I had looked forward to seeing this movie being a fan of nearly all of the cast but I was taken aback by some of the goings on here!! First the two leads are badly cast. Fredric March was almost forty and looked it yet he plays a teenager and very young man for much of the picture with a ridiculous blond wig (to "resemble" his mother) on top of everything. Olivia DeHavilland isn't believable at all as a poor Spanish girl. These are both wonderful actors and they try their best but still are wanting. The mentality of this picture is pretty amazing in 2003. One of March's "adventures" includes slave trading (!!) and despite concerned words from his priest friend this stint in his life is pretty much condoned.
The ending is jaw-dropping too (don't read this paragraph if you want to be surprised by the ending) with the villains unpunished and poor Olivia, forced into being a kept woman by her abandonment (kept by Napoleon no less!) turning down the chance to be permanently reunited with Fredric after a brief happy reunion so that Frederic won't have to have a "fallen woman" for a wife and plan that Freddy agrees with surprisingly fast considered how he has supposed to have been pining for her for years.

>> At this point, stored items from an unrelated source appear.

(* Let $H,H_0$ be selfadjoint nonnegative operators in a separable Hilbert space such that $e^{-tH}-e^{-tH_0}$ is trace class for all $t>0$, and suppose (1) as $t\to0^+$, $\mathrm{Tr}(e^{-tH}-e^{-tH_0})\sim\sum_{j\ge0}a_jt^{\alpha_j}$ with $-\infty<\alpha_0<\alpha_1<\cdots$, $\alpha_j\to\infty$; (2) there are $b_0\in\mathbb{C}$, $\rho>0$ with $\mathrm{Tr}(e^{-tH}-e^{-tH_0})=b_0+O(t^{-\rho})$ as $t\to\infty$. Then as $\lambda\to0^+$, $$\log\det(H+\lambda,H_0+\lambda)=b_0\log\lambda+\log\det(H,H_0)+o(1).$$
   Context: Relative zeta function: $\zeta_1(s,H,H_0)=\frac{1}{\Gamma(s)}\int_0^1t^{s-1}\mathrm{Tr}(e^{-tH}-e^{-tH_0})dt$ (for $\mathrm{Re}\,s>-\alpha_0$, meromorphically continued to $\mathbb{C}$), $\zeta_2(s,H,H_0)=\frac{1}{\Gamma(s)}\int_1^\infty t^{s-1}\mathrm{Tr}(e^{-tH}-e^{-tH_0})dt$ (for $\mathrm{Re}\,s<0$), continued to $\mathrm{Re}\,s<\rho$ by $\zeta_2(s,H,H_0)=-\frac{b_0}{\Gamma(s+1)}+\frac{1}{\Gamma(s)}\int_1^\infty t^{s-1}(\mathrm{Tr}(e^{-tH}-e^{-tH_0})-b_0)dt$; both are holomorphic at $s=0$. $\zeta(s,H,H_0)=\zeta_1+\zeta_2$ and $\det(H,H_0)=\exp(-\frac{d}{ds}\zeta(s,H,H_0)|_{s=0})$. For $\lambda>0$, $\det(H+\lambda,H_0+\lambda)$ is defined in the same way with $H,H_0$ replaced by $H+\lambda,H_0+\lambda$. *)

theory Defs
  imports "HOL-Analysis.Analysis" "HOL-Complex_Analysis.Complex_Analysis" "HOL-Library.Landau_Symbols"
begin

text \<open>The relative heat trace theta(t) = Tr(e^{-tH} - e^{-tH_0}) enters only as a function of t > 0.\<close>

definition zeta1 :: "(real \<Rightarrow> complex) \<Rightarrow> real \<Rightarrow> complex \<Rightarrow> complex" where
  "zeta1 \<theta> \<alpha>0 = (SOME f. f meromorphic_on UNIV \<and>
     (\<forall>s. Re s > - \<alpha>0 \<longrightarrow>
        f s = rGamma s * integral {0..1} (\<lambda>t. complex_of_real t powr (s - 1) * \<theta> t)))"

text \<open>zeta_2 in its continued form, valid for Re s < rho.\<close>
definition zeta2 :: "(real \<Rightarrow> complex) \<Rightarrow> complex \<Rightarrow> complex \<Rightarrow> complex" where
  "zeta2 \<theta> b0 s = - b0 * rGamma (s + 1)
     + rGamma s * integral {1..} (\<lambda>t. complex_of_real t powr (s - 1) * (\<theta> t - b0))"

text \<open>log det = - zeta'(0), zeta = zeta_1 + zeta_2 (zeta_1 taken with its removable singularity at 0 removed).\<close>
definition logdet :: "(real \<Rightarrow> complex) \<Rightarrow> real \<Rightarrow> complex \<Rightarrow> complex" where
  "logdet \<theta> \<alpha>0 b0 = - (deriv (remove_sings (zeta1 \<theta> \<alpha>0)) 0 + deriv (zeta2 \<theta> b0) 0)"

end

theory Submission
  imports Defs
begin

(* Write theta_l t = exp (-l t) * theta t for the relative heat trace of H + l and H_0 + l.
   Both determinants are exp (- zeta'(0)), and zeta'(0) can be computed explicitly.  If
   theta t - sum_{j<N} a_j t^(alpha_j) = O(t^M) on (0,1] with M > 0, then
     rGamma s * (sum_j a_j / (s + alpha_j) + integral_0^1 t^(s-1) (theta t - sum_j a_j t^(alpha_j)) dt)
   continues zeta_1 meromorphically to Re s > -M; as rGamma has a simple zero at 0 with
   derivative 1, this gives zeta_1'(0) = sum_j a_j T(alpha_j) + integral_0^1 t^(-1) (remainder),
   where T(beta) = 1 / beta and T(0) = gamma.  Likewise
   zeta_2'(0) = - b_0 gamma + integral_1^oo t^(-1) (theta t - b_0).
   Multiplying the expansion of theta by the Taylor polynomial of exp (-l t) gives an expansion
   of theta_l whose coefficients are polynomial in l and whose remainder moves by O(l), so
   zeta_1'(0) is continuous at l = 0.  For large t, theta_l decays exponentially (its b_0 is 0),
   and its integral differs from that of theta - b_0 by b_0 integral_1^oo exp (-l t) / t dt + o(1);
   this exponential integral is - ln l - gamma + o(1), which produces the term b_0 ln l. *)

section \<open>Mellin integrals of power-bounded functions\<close>

lemma norm_of_real_powr: "t > 0 \<Longrightarrow> norm (complex_of_real t powr s) = t powr Re s"
  by (simp add: norm_powr_real_powr)

lemma continuous_on_of_real_powr: "continuous_on {0<..} (\<lambda>t::real. complex_of_real t powr s)"
  by (intro continuous_on_powr_complex continuous_intros) auto

lemma of_real_powr_mult_of_real_powr:
  "t > 0 \<Longrightarrow> complex_of_real t powr s * of_real (t powr b) = complex_of_real t powr (s + of_real b)"
  by (simp add: powr_add powr_of_real)

lemma continuous_dominated_integrable:
  fixes g :: "'a::euclidean_space \<Rightarrow> 'b::euclidean_space"
  assumes "continuous_on S g" "S \<in> sets lebesgue"
    and "\<And>x. x \<in> S \<Longrightarrow> norm (g x) \<le> h x" "h integrable_on S"
  shows "g integrable_on S" "norm (integral S g) \<le> integral S h"
proof -
  show g: "g integrable_on S"
    by (rule measurable_bounded_by_integrable_imp_integrable
        [OF continuous_imp_measurable_on_sets_lebesgue]) (use assms in auto)
  show "norm (integral S g) \<le> integral S h"
    by (rule integral_norm_bound_integral[OF g]) (use assms in auto)
qed

lemma has_integral_Icc_Ici_combine:
  fixes f :: "real \<Rightarrow> 'a::banach"
  assumes "f integrable_on {a..b}" "f integrable_on {b..}" "a \<le> b"
  shows "(f has_integral (integral {a..b} f + integral {b..} f)) {a..}"
proof -
  have "(f has_integral (integral {a..b} f + integral {b..} f)) ({a..b} \<union> {b..})"
    by (rule has_integral_Un) (use assms in \<open>auto intro: negligible_subset[of "{b}"]\<close>)
  moreover have "{a..b} \<union> {b..} = {a..}" using assms(3) by auto
  ultimately show ?thesis by simp
qed

lemma mellin_0_bound:
  fixes R :: "real \<Rightarrow> complex"
  assumes cont: "continuous_on {0<..1} R"
    and bnd: "\<And>t. 0 < t \<Longrightarrow> t \<le> 1 \<Longrightarrow> norm (R t) \<le> C * t powr \<mu>"
    and pos: "Re s + \<mu> > 0" and e: "0 \<le> e" "e \<le> 1"
  shows "(\<lambda>t. of_real t powr (s - 1) * R t) integrable_on {0..e}"
    and "norm (integral {0..e} (\<lambda>t. of_real t powr (s - 1) * R t))
           \<le> C * e powr (Re s + \<mu>) / (Re s + \<mu>)"
proof -
  let ?f = "\<lambda>t. of_real t powr (s - 1) * R t" and ?h = "\<lambda>t. C * t powr (Re s + \<mu> - 1)"
  have cont': "continuous_on {0<..<e} ?f"
    using e by (intro continuous_intros continuous_on_subset[OF continuous_on_of_real_powr]
        continuous_on_subset[OF cont]) auto
  have bnd': "norm (?f t) \<le> ?h t" if "t \<in> {0<..<e}" for t
  proof -
    have t: "0 < t" "t \<le> 1" using that e by auto
    have "norm (?f t) = t powr (Re s - 1) * norm (R t)"
      using t by (simp add: norm_mult norm_of_real_powr)
    also have "\<dots> \<le> t powr (Re s - 1) * (C * t powr \<mu>)"
      by (intro mult_left_mono bnd t) simp
    also have "\<dots> = ?h t"
      by (simp add: powr_add[symmetric] algebra_simps)
    finally show ?thesis .
  qed
  have "(?h has_integral C * (e powr (Re s + \<mu>) / (Re s + \<mu>))) {0..e}"
    using has_integral_mult_right[OF has_integral_powr_from_0[of "Re s + \<mu> - 1" e]] pos e by simp
  then have h: "(?h has_integral C * e powr (Re s + \<mu>) / (Re s + \<mu>)) {0<..<e}"
    by (simp add: has_integral_Icc_iff_Ioo)
  note dom = continuous_dominated_integrable[OF cont' _ bnd' has_integral_integrable[OF h]]
  show "?f integrable_on {0..e}"
    using dom(1) by (simp add: integrable_on_Icc_iff_Ioo)
  show "norm (integral {0..e} ?f) \<le> C * e powr (Re s + \<mu>) / (Re s + \<mu>)"
    using dom(2) integral_unique[OF h] by (simp add: integral_open_interval_real)
qed

lemma mellin_inf_bound:
  fixes R :: "real \<Rightarrow> complex"
  assumes cont: "continuous_on {1..} R"
    and bnd: "\<And>t. 1 \<le> t \<Longrightarrow> norm (R t) \<le> C * t powr (-\<rho>)"
    and pos: "Re s < \<rho>" and T: "1 \<le> T"
  shows "(\<lambda>t. of_real t powr (s - 1) * R t) integrable_on {T..}"
    and "norm (integral {T..} (\<lambda>t. of_real t powr (s - 1) * R t))
           \<le> C * T powr (Re s - \<rho>) / (\<rho> - Re s)"
proof -
  let ?f = "\<lambda>t. of_real t powr (s - 1) * R t" and ?h = "\<lambda>t. C * t powr (Re s - \<rho> - 1)"
  have cont': "continuous_on {T..} ?f"
    using T by (intro continuous_intros continuous_on_subset[OF continuous_on_of_real_powr]
        continuous_on_subset[OF cont]) auto
  have bnd': "norm (?f t) \<le> ?h t" if "t \<in> {T..}" for t
  proof -
    have t: "0 < t" "1 \<le> t" using that T by auto
    have "norm (?f t) = t powr (Re s - 1) * norm (R t)"
      using t by (simp add: norm_mult norm_of_real_powr)
    also have "\<dots> \<le> t powr (Re s - 1) * (C * t powr (-\<rho>))"
      by (intro mult_left_mono bnd t) simp
    also have "\<dots> = ?h t"
      by (simp add: powr_add[symmetric] algebra_simps)
    finally show ?thesis .
  qed
  have pw: "((\<lambda>t. t powr (Re s - \<rho> - 1)) has_integral -(T powr (Re s - \<rho>)) / (Re s - \<rho>)) {T..}"
    using has_integral_powr_to_inf[of "Re s - \<rho> - 1" T] pos T by simp
  have h: "(?h has_integral C * T powr (Re s - \<rho>) / (\<rho> - Re s)) {T..}"
    using has_integral_mult_right[where c = C, OF pw] pos by (simp add: minus_divide_right)
  note dom = continuous_dominated_integrable[OF cont' _ bnd' has_integral_integrable[OF h]]
  show "?f integrable_on {T..}"
    using dom(1) by simp
  show "norm (integral {T..} ?f) \<le> C * T powr (Re s - \<rho>) / (\<rho> - Re s)"
    using dom(2) integral_unique[OF h] by simp
qed

lemma holomorphic_on_uniform_approx:
  assumes "open S" and hol: "\<And>n. F n holomorphic_on S"
    and approx: "\<And>x. x \<in> S \<Longrightarrow> \<exists>d>0. cball x d \<subseteq> S \<and>
                   (\<exists>b. b \<longlonglongrightarrow> 0 \<and> (\<forall>n. \<forall>s\<in>cball x d. norm (F n s - G s) \<le> b n))"
  shows "G holomorphic_on S"
proof (rule holomorphic_uniform_sequence[OF \<open>open S\<close> hol])
  fix x assume "x \<in> S"
  then obtain d b where d: "d > 0" "cball x d \<subseteq> S" and b: "b \<longlonglongrightarrow> 0"
    and le: "\<And>n s. s \<in> cball x d \<Longrightarrow> norm (F n s - G s) \<le> b n"
    using approx by blast
  have "uniform_limit (cball x d) F G sequentially"
    unfolding uniform_limit_iff
  proof (intro allI impI)
    fix e :: real assume "e > 0"
    with b have "eventually (\<lambda>n. b n < e) sequentially"
      by (simp add: order_tendstoD(2))
    then show "\<forall>\<^sub>F n in sequentially. \<forall>s\<in>cball x d. dist (F n s) (G s) < e"
      by eventually_elim (auto simp: dist_norm intro: le_less_trans[OF le])
  qed
  then show "\<exists>d>0. cball x d \<subseteq> S \<and> uniform_limit (cball x d) F G sequentially"
    using d by blast
qed

lemma mellin_Icc_holomorphic:
  assumes cont: "continuous_on {a..b} R" and a: "a > 0"
  shows "(\<lambda>s. integral {a..b} (\<lambda>t. of_real t powr (s - 1) * R t)) holomorphic_on UNIV"
proof -
  have cont_powr: "continuous_on {a..b} (\<lambda>t. of_real t powr (s - 1) * R t)" for s
    by (intro continuous_on_mult cont continuous_on_subset[OF continuous_on_of_real_powr]) (use a in auto)
  have "(\<lambda>s. integral (cbox a b) (\<lambda>t. of_real t powr (s - 1) * R t)) holomorphic_on UNIV"
  proof (rule leibniz_rule_holomorphic)
    fix s t assume "t \<in> cbox a b"
    then show "((\<lambda>s. of_real t powr (s - 1) * R t) has_field_derivative
                 Ln (of_real t) * of_real t powr (s - 1) * R t) (at s within UNIV)"
      using a by (auto intro!: derivative_eq_intros DERIV_chain2[OF has_field_derivative_powr_right])
  next
    show "(\<lambda>t. of_real t powr (s - 1) * R t) integrable_on cbox a b" for s
      using cont_powr by (simp add: integrable_continuous_interval)
  next
    have "continuous_on (UNIV \<times> {a..b})
            (\<lambda>p. Ln (of_real (snd p)) * of_real (snd p) powr (fst p - 1) * R (snd p))"
      by (intro continuous_intros continuous_on_powr_complex continuous_on_compose2[OF cont])
        (use a in \<open>force simp: nonpos_Reals_def\<close>)+
    then show "continuous_on (UNIV \<times> cbox a b)
                 (\<lambda>(s, t). Ln (of_real t) * of_real t powr (s - 1) * R t)"
      by (simp add: case_prod_unfold)
  qed auto
  then show ?thesis by simp
qed

lemma cball_Re_bound: "s \<in> cball x d \<Longrightarrow> \<bar>Re s - Re x\<bar> \<le> d"
  using abs_Re_le_cmod[of "s - x"] by (simp add: dist_norm norm_minus_commute)

lemma mellin_0_tail_bound:
  fixes R :: "real \<Rightarrow> complex"
  assumes cont: "continuous_on {0<..1} R"
    and bnd: "\<And>t. 0 < t \<Longrightarrow> t \<le> 1 \<Longrightarrow> norm (R t) \<le> C * t powr \<mu>"
    and d: "0 < d" "d \<le> Re s + \<mu>" and \<epsilon>: "0 < \<epsilon>" "\<epsilon> \<le> 1"
  shows "norm (integral {\<epsilon>..1} (\<lambda>t. of_real t powr (s - 1) * R t)
                - integral {0..1} (\<lambda>t. of_real t powr (s - 1) * R t)) \<le> C * \<epsilon> powr d / d"
proof -
  have C: "C \<ge> 0"
    using order_trans[OF norm_ge_zero bnd[of 1]] by simp
  have pos: "Re s + \<mu> > 0"
    using d by linarith
  have "(\<lambda>t. of_real t powr (s - 1) * R t) integrable_on {0..1}"
    by (rule mellin_0_bound(1)[OF cont bnd pos]) auto
  then have split: "integral {0..1} (\<lambda>t. of_real t powr (s - 1) * R t)
      = integral {0..\<epsilon>} (\<lambda>t. of_real t powr (s - 1) * R t)
        + integral {\<epsilon>..1} (\<lambda>t. of_real t powr (s - 1) * R t)"
    using \<epsilon> by (intro Henstock_Kurzweil_Integration.integral_combine[symmetric]) auto
  have "norm (integral {\<epsilon>..1} (\<lambda>t. of_real t powr (s - 1) * R t)
               - integral {0..1} (\<lambda>t. of_real t powr (s - 1) * R t))
        = norm (integral {0..\<epsilon>} (\<lambda>t. of_real t powr (s - 1) * R t))"
    unfolding split by (simp add: norm_minus_commute)
  also have "\<dots> \<le> C * \<epsilon> powr (Re s + \<mu>) / (Re s + \<mu>)"
    using \<epsilon> by (intro mellin_0_bound(2)[OF cont bnd pos]) auto
  also have "\<dots> \<le> C * \<epsilon> powr d / d"
    using \<epsilon> d C by (intro mult_left_mono frac_le powr_mono' mult_nonneg_nonneg) auto
  finally show ?thesis .
qed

The supporting cast is excellent and there are two surprises. Warners starlet Anita Louise completely dominates the first 20 minutes of the movie and she is excellent. Anita was usually cast in throwaway second lead parts. And then there is the magnificent character actress Gale Sondergaard. She won the Best Supporting Actress Academy Award for this picture and I really looked forward to seeing her in it. What a shock to see her part is a small bit of no real consequence and in no way a showcase for her talents. She certainly deserved the award for other films but this is hardly one of her best performances.
That ending to the March/DeHavilland match really floored me and I would have liked this picture a lot better had the movie had as much sympathy to Mrs. Adverse's plight as it did to Mr. Adverse.